Applying the foregoing pronouncements to the facts of the present case, we find sufficient ground for the revocation of the judgment appealed from. Petitioner also contends that even assuming that he had lost his residence or domicile in Abuyog, he reacquired it more than one year prior to December 10, 1940. In support of that contention he invokes his letter or note, exhibit 9, addressed to "Varel" (Valeriano Tupa), vice-president of the political faction to which petitioner belongs, in which note he announced his intention to launch his candidacy again for municipal mayor of Abuyog as early as the month of May, 1939. But we do not deem it necessary to pass upon said contention in view of the conclusion we have reached that the petitioner did not lose his domicile of origin.

We might add that the manifest intent of the law in fixing a residence qualification is ,to exclude a stranger or newcomer, unacquainted with the conditions and needs of a community and not identified with the latter, from an elective office to serve that community; and when the evidence on the alleged lack of residence qualification is weak or inconclusive and it clearly appears, as in the instant case, that the purpose of the law would not be thwarted by upholding the right to the office, the will of the electorate should be respected.

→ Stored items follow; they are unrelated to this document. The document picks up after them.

definition free_product_center_nontrivial ::
  "('f::field \<Rightarrow> 'a::ring_1 \<Rightarrow> 'a) \<Rightarrow> ('f \<Rightarrow> 'b::ring_1 \<Rightarrow> 'b) \<Rightarrow> bool" where
  "free_product_center_nontrivial sA sB \<longleftrightarrow>
     (\<exists>z. ncfin z \<and>
        (\<forall>q. ncfin q \<longrightarrow> ncsub (ncmul z q) (ncmul q z) \<in> fp_ideal sA sB) \<and>
        (\<forall>c. ncsub z (ncsmult c (ncmono [])) \<notin> fp_ideal sA sB))"

end

theory Submission
  imports Defs
begin

text \<open>Fix bases \<open>{1} \<union> X\<^sub>A\<close> of \<open>\<A>\<close> and \<open>{1} \<union> X\<^sub>B\<close> of \<open>\<B>\<close>. The free algebra acts on the space
  spanned by reduced words, i.e. alternating words in the letters \<open>X\<^sub>A\<close> and \<open>X\<^sub>B\<close>: an element
  \<open>a \<in> \<A>\<close> multiplies a reduced word into its leading \<open>\<A>\<close>-letter (or prepends itself) and
  re-expands the result in the basis. This action kills the defining ideal, and every element
  \<open>p\<close> of the free algebra is congruent to \<open>p \<cdot> 1\<close>, its normal form.

  Let \<open>c\<close> be the normal form of a central, non-scalar \<open>z\<close>, and \<open>w\<^sub>0\<close> a longest word of \<open>c\<close>.
  If \<open>l\<close> is a basis letter with \<open>l w\<^sub>0\<close> reduced, the coefficient of \<open>l w\<^sub>0\<close> in \<open>l c\<close> is
  \<open>c(w\<^sub>0) \<noteq> 0\<close>, whereas the only words of length \<open>|w\<^sub>0| + 1\<close> in \<open>c l\<close> end in \<open>l\<close>; so \<open>w\<^sub>0\<close>
  ends in \<open>l\<close>. Likewise \<open>w\<^sub>0\<close> starts with every \<open>l\<close> for which \<open>w\<^sub>0 l\<close> is reduced. Hence the
  factor not containing the first letter of \<open>w\<^sub>0\<close> has a single basis letter, namely the last
  letter of \<open>w\<^sub>0\<close>, and then the other factor has the first letter as its only one:
  \<open>|X\<^sub>A| = |X\<^sub>B| = 1\<close>.\<close>

lemma splits_append_eq: "{(u, v). u @ v = w} = (\<lambda>i. (take i w, drop i w)) ` {..length w}"
proof (rule set_eqI, rule iffI)
  fix x assume "x \<in> {(u, v). u @ v = w}"
  then obtain u v where x: "x = (u, v)" "u @ v = w" by auto
  then show "x \<in> (\<lambda>i. (take i w, drop i w)) ` {..length w}"
    by (auto intro!: image_eqI[of _ _ "length u"])
qed auto

lemma finite_splits_append [simp]: "finite {(u, v). u @ v = w}"
  by (simp add: splits_append_eq)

Petitioner is a native of Abuyog, had run for the same office of municipal mayor of said town in the election preceding the one in question, had only been absent therefrom for about two years without losing contact with his townspeople and without the intention of remaining and residing indefinitely in the place of his employment; and he was elected with an overwhelming majority of nearly 800 votes in a third-class municipality. These considerations we cannot disregard without doing violence to the will of the people of said town.

Wherefore, the judgment of the Court of Appeals is reversed, with the costs of this instance against the Respondent. So ordered.

Diaz, Moran and Horrilleno, JJ., concur.

Abad Santos, J., concur in the result.